Scientists often evaluate theories or draw conclusions by informally combining results from several experiments. The experiments and the measured outcomes are usually diverse – making a meta-analyses inappropriate – and scientists therefore typically use the number of significant p-values to support their conclusion. P-values, however, are a poor way of integrating results, and since statistical power is often low, “conflicting results” are common. Informal methods of evaluating a series of experiments makes inefficient use of the data and can lead to incorrect conclusions and poor decisions. Here we show how to combine diverse evidence across experiments using Bayes factors [1,2], based on a method developed by Kuiper et al. [3].
The procedure is outlined in Figure 1 and consists of the following five steps:
Before seeing the data, specify the prior probability of three hypotheses: that the effect is less than zero, greater than zero, and exactly zero. An equal probability of 1/3 is usually appropriate for these exhaustive and mutually exclusive hypotheses. These probabilities will be updated after observing the data. (It is also possible to have a range of values around zero instead of a point value of exactly zero, and the null hypothesis could be a value other than zero; we will ignore these details for now.)
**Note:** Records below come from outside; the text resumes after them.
(* Let $a$ and $q \geq 1$ be integers with $\gcd(a,q) = 1$. Let $n, k, L$ be positive integers and $N \geq 1$ a real number such that $$L \leq N^n, \qquad q \leq L N^k, \qquad 2^{n+k+1} < N.$$ Let $\mathcal{P}$ be the set of primes in $[N/2, N]$ not dividing $q$. Let $m \leq n$ be a positive integer and let $r_1, \dots, r_m$ be positive integers with $r_1 + \cdots + r_m = n$. Then $$\sum_{l = 1}^{L} \left| \sum_{q_1 \in \mathcal{P}} \cdots \sum_{q_m \in \mathcal{P}} e\!\left(\frac{l\, q_1^{r_1} \cdots q_m^{r_m}\, a}{q}\right) \right| \leq C\, 2^{n+k} n^n \max\!\left(L N^{n/2 + k/2},\ \frac{L N^n}{q^{1/2}}\right),$$ where $C>0$ is an absolute constant.
   Context: $e(x) := e^{2\pi i x}$. *)

theory Defs
  imports "HOL-Analysis.Analysis"
begin

definition e :: "real \<Rightarrow> complex" where
  "e x = exp (2 * of_real pi * \<i> * of_real x)"

end

theory Submission
  imports Defs "HOL-Computational_Algebra.Primes"
begin

(* Write the sum over tuples (q_1,...,q_m) of primes in [N/2, N] as a double sum over
   X = tuples of the first j coordinates and Y = tuples of the remaining ones, so that the
   phase is l * x(t) * y(u) * a / q.  Cauchy-Schwarz over the pairs (l,u) and regrouping
   by the value h = l * y(u) bound the square of the l-sum by
     (number of pairs (l,u)) * (max multiplicity of h) * sum_h |sum_t e(h x(t) a / q)|^2,
   and completing the h-sum to full periods modulo q turns the last factor into
   (H + q) * #{(t,t') : x(t) = x(t') mod q}.  Unique factorisation bounds the
   multiplicities: a product of prime powers determines its j primes up to j^j choices,
   and an integer h <= N^(2n) has at most 4n prime divisors >= N/2.  The split index j
   is chosen so that the resulting powers of N balance; an elementary estimate and a
   square root then give the theorem with C = 2. *)

lemma e_add: "e (x + y) = e x * e y"
  unfolding e_def by (simp add: distrib_left exp_add)

lemma e_cnj: "cnj (e x) = e (- x)"
  unfolding e_def by (simp add: exp_cnj)

lemma e_power: "e (real h * x) = e x ^ h"
proof -
  have "2 * of_real pi * \<i> * of_real (real h * x) = of_nat h * (2 * of_real pi * \<i> * of_real x)" by simp
  then show ?thesis unfolding e_def by (simp only: exp_of_nat_mult)
qed

lemma e_of_int: "e (of_int z) = 1"
  unfolding e_def exp_eq_1 by (auto intro!: exI[of _ z])

lemma e_eq_1_imp_Ints: "e x = 1 \<Longrightarrow> x \<in> \<int>"
proof -
  assume "e x = 1"
  then obtain n::int where "2 * pi * x = of_int (2*n) * pi" unfolding e_def exp_eq_1 by auto
  then have "x = of_int n" by simp
  then show ?thesis by simp
qed

lemma root_of_unity_sum_periods:
  fixes w :: "'a::field"
  assumes w1: "w \<noteq> 1" and wq: "w ^ q = 1"
  shows "(\<Sum>h=1..K * q. w ^ h) = 0"
proof -
  have "(\<Sum>h=1..K * q. w ^ h) = (\<Sum>h<K * q. w ^ Suc h)"
    by (rule sum.reindex_bij_witness[of _ Suc "\<lambda>h. h - 1"]) auto
  also have "\<dots> = w * (\<Sum>h<K * q. w ^ h)" by (simp add: sum_distrib_left)
  also have "(\<Sum>h<K * q. w ^ h) = 0"
    using w1 by (simp add: geometric_sum power_mult wq mult.commute[of K])
  finally show ?thesis by simp
qed

text \<open>Orthogonality: a sum of e(h z / q) over K full periods h = 1 .. K q is K q if q
  divides z and vanishes otherwise, since then e(z / q) is a nontrivial q-th root of unity.\<close>
lemma e_sum_full_periods:
  fixes z q :: int and K :: nat
  assumes q: "q \<ge> 1"
  shows "(\<Sum>h=1..K * nat q. e (real h * real_of_int z / real_of_int q))
       = (if q dvd z then of_nat (K * nat q) else 0)"
proof (cases "q dvd z")
  case True
  then obtain w where w: "z = q * w" by auto
  have "e (real h * real_of_int z / real_of_int q) = 1" for h :: nat
  proof -
    have "real h * real_of_int z / real_of_int q = of_int (int h * w)" using q by (simp add: w)
    then show ?thesis by (metis e_of_int)
  qed
  then show ?thesis using True by simp
next
  case False
  define w where "w = e (real_of_int z / real_of_int q)"
  have "w \<noteq> 1"
  proof
    assume "w = 1"
    then have "real_of_int z / real_of_int q \<in> \<int>" unfolding w_def by (rule e_eq_1_imp_Ints)
    then obtain c where "real_of_int z / real_of_int q = of_int c" by (auto elim: Ints_cases)
    then have "real_of_int z = real_of_int (q * c)" using q by (simp add: field_simps)
    then have "z = q * c" by linarith
    then show False using False by auto
  qed
  moreover have "w ^ nat q = 1"
  proof -
    have "w ^ nat q = e (real (nat q) * (real_of_int z / real_of_int q))" unfolding w_def by (simp only: e_power)
    also have "real (nat q) * (real_of_int z / real_of_int q) = of_int z" using q by simp
    finally show ?thesis by (simp add: e_of_int)
  qed
  moreover have "(\<Sum>h=1..K * nat q. e (real h * real_of_int z / real_of_int q)) = (\<Sum>h=1..K * nat q. w ^ h)"
    unfolding w_def by (intro sum.cong refl) (simp add: e_power[symmetric] times_divide_eq_right)
  ultimately show ?thesis using False root_of_unity_sum_periods by simp
qed

lemma norm_exp_sum_squared:
  fixes X :: "'a set" and \<phi> :: "'a \<Rightarrow> real"
  shows "complex_of_real ((norm (\<Sum>t\<in>X. e (\<phi> t)))^2) = (\<Sum>p\<in>X\<times>X. e (\<phi> (fst p) - \<phi> (snd p)))"
proof -
  have "complex_of_real ((norm (\<Sum>t\<in>X. e (\<phi> t)))^2) = (\<Sum>t\<in>X. e (\<phi> t)) * cnj (\<Sum>t\<in>X. e (\<phi> t))"
    by (rule complex_norm_square)
  also have "\<dots> = (\<Sum>t\<in>X. \<Sum>t'\<in>X. e (\<phi> t) * cnj (e (\<phi> t')))"
    by (simp add: sum_distrib_left sum_distrib_right cnj_sum) (rule sum.swap)
  also have "\<dots> = (\<Sum>p\<in>X\<times>X. e (\<phi> (fst p) - \<phi> (snd p)))"
    by (simp add: sum.cartesian_product split_def e_cnj e_add[symmetric])
  finally show ?thesis .
qed

text \<open>Mean square over K full periods: by orthogonality only the pairs of frequencies that
  are congruent modulo q contribute, each with weight K q (a is invertible modulo q).\<close>
lemma exp_sum_square_full_periods:
  fixes X :: "'a set" and x :: "'a \<Rightarrow> int" and a q :: int and K :: nat
  assumes fin: "finite X" and q: "q \<ge> 1" and cop: "coprime a q"
  shows "(\<Sum>h=1..K * nat q. (norm (\<Sum>t\<in>X. e (real h * real_of_int (x t) * real_of_int a / real_of_int q)))^2)
     = real (K * nat q) * real (card {p \<in> X \<times> X. q dvd x (fst p) - x (snd p)})"
proof -
  define d where "d p = x (fst p) - x (snd p)" for p :: "'a \<times> 'a"
  have "complex_of_real (\<Sum>h=1..K * nat q. (norm (\<Sum>t\<in>X. e (real h * real_of_int (x t) * real_of_int a / real_of_int q)))^2)
      = (\<Sum>h=1..K * nat q. \<Sum>p\<in>X\<times>X. e (real h * real_of_int (d p * a) / real_of_int q))"
    unfolding of_real_sum norm_exp_sum_squared d_def
    by (intro sum.cong refl arg_cong[where f = e]) (simp add: algebra_simps diff_divide_distrib)
  also have "\<dots> = (\<Sum>p\<in>X\<times>X. \<Sum>h=1..K * nat q. e (real h * real_of_int (d p * a) / real_of_int q))"
    by (rule sum.swap)
  also have "\<dots> = (\<Sum>p\<in>X\<times>X. if q dvd d p * a then of_nat (K * nat q) else 0)"
    by (intro sum.cong refl e_sum_full_periods q)
  also have "\<dots> = (\<Sum>p\<in>X\<times>X. if q dvd d p then of_nat (K * nat q) else 0)"
  proof -
    have "q dvd d p * a \<longleftrightarrow> q dvd d p" for p
      using cop by (metis coprime_commute coprime_dvd_mult_left_iff)
    then show ?thesis by simp
  qed
  also have "\<dots> = of_nat (K * nat q) * of_nat (card {p \<in> X \<times> X. q dvd d p})"
    using fin by (subst sum.inter_filter[symmetric]) auto
  also have "\<dots> = complex_of_real (real (K * nat q) * real (card {p \<in> X \<times> X. q dvd d p}))"
    by simp
  finally show ?thesis unfolding d_def of_real_eq_iff .
qed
Specify a prior distribution for the effect size (ES). The ES
depends on the research question and could be a difference between
means, the slope of a regression line, or an odds ratio. The
BayesCombo
package calculates a sensible default prior if
none is specified.
Calculate the effect size and standard error (SE) from an experiment, which can be obtained from output of a standard statistical analysis.
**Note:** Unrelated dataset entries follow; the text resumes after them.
lemma finite_measure_sup_measure':
  assumes P: "finite_measure P" and Q: "finite_measure Q" and sets_eq: "sets Q = sets P"
  shows "finite_measure (sup_measure' P Q)"
proof (rule finite_measureI)
  have "emeasure (sup_measure' P Q) (space P) \<le> emeasure P (space P) + emeasure Q (space Q)"
  proof (subst emeasure_sup_measure'[OF sets_eq sets.top], rule SUP_least)
    fix Y assume "Y \<in> sets P"
    show "emeasure P (space P \<inter> Y) + emeasure Q (space P \<inter> - Y) \<le> emeasure P (space P) + emeasure Q (space Q)"
      using sets_eq_imp_space_eq[OF sets_eq] sets_eq by (intro add_mono emeasure_mono) auto
  qed
  also have "\<dots> < \<infinity>"
    using finite_measure.emeasure_finite[OF P] finite_measure.emeasure_finite[OF Q] by (simp add: less_top)
  finally show "emeasure (sup_measure' P Q) (space (sup_measure' P Q)) \<noteq> \<infinity>"
    using sets_eq by simp
qed

lemma density_enn2real_RN_deriv:
  assumes L: "finite_measure L" and N: "finite_measure N" and sets_eq: "sets N = sets L"
    and ac: "absolutely_continuous L N"
  shows "density L (\<lambda>x. ennreal (enn2real (RN_deriv L N x))) = N"
proof -
  interpret L: finite_measure L by fact
  have "AE x in L. RN_deriv L N x \<noteq> \<infinity>"
    using L.RN_deriv_finite[OF _ ac sets_eq] N by (simp add: finite_measure.sigma_finite_measure)
  then have "density L (\<lambda>x. ennreal (enn2real (RN_deriv L N x))) = density L (RN_deriv L N)"
    by (intro density_cong) (auto elim!: AE_mp simp: less_top)
  also have "\<dots> = N" using L.density_RN_deriv[OF ac sets_eq] .
  finally show ?thesis .
qed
Calculate the Bayes factor (BF) for each hypothesis, which
represents the evidence for a hypothesis after seeing the data, relative
to the probability of a hypothesis before seeing the data. The BFs are
calculated by the BayesCombo
package as a ratio of
posterior to prior distributions over a defined range of parameter
values.
Update the prior probability for each hypothesis with the Bayes factors to give the posterior probability for each hypothesis.
For the next experiment, use these updated probabilities to replace those defined in Step 1 and go through steps 2–5 again. Repeat for all experiments that you want to include. Let’s work through an example.
We have an experiment where 20 rats were randomised to one of four doses of the antidepressant fluoxetine, given in the drinking water. The time that the rats spent immobile in the Forced Swim Test (FST) was recorded. The FST is a standard behavioural test of “depression” in rodents.
First, we specify the prior probability of three hypotheses: that
fluoxetine increases (H>
), decreases
(H<
), or has no effect (H0
) on immobility
time. These three hypotheses are exhaustive (include all possible
outcomes) and mutually exclusive (only one can be true). Although
fluoxetine is known to decrease immobility time, we will specify an
equality probability of 1/3 for each hypothesis to illustrate the
approach.
Next, we need to specify a prior for the effect size (we define the effect size in the Step 3). For now we will use the default prior, which is calculated from the data. It is a normal prior, centred at zero, with the width calculated such that the 99% confidence interval (CI) of the prior matches the 99% CI of the data distribution. The results can be sensitive to the choice of prior, especially if the width is large relative to the data. The default prior is suitable for most situations where you have no prior information to include, and the results are insensitive to small changes near the default value (see below).
The data for this example are in the labstats
package
(available on CRAN) and plotted in Figure 2. To calculate the effect
size (and the prior in the previous step) we need to define the
analysis. Here, dose is treated as a continuous variable (see reference
[5]) and so a linear regression quantifies the relationship between
fluoxetine and immobility time. No effect corresponds to a flat line
(slope = 0) in Figure 2.
library(labstats)
par(las=1)
plot(time.immob ~ dose, data=fluoxetine, col="royalblue",
ylab="Time immobile (s)", ylim=c(0, 250), xlim=c(0, 250),
xlab="Dose of fluoxetine (mg/L in drinking water)")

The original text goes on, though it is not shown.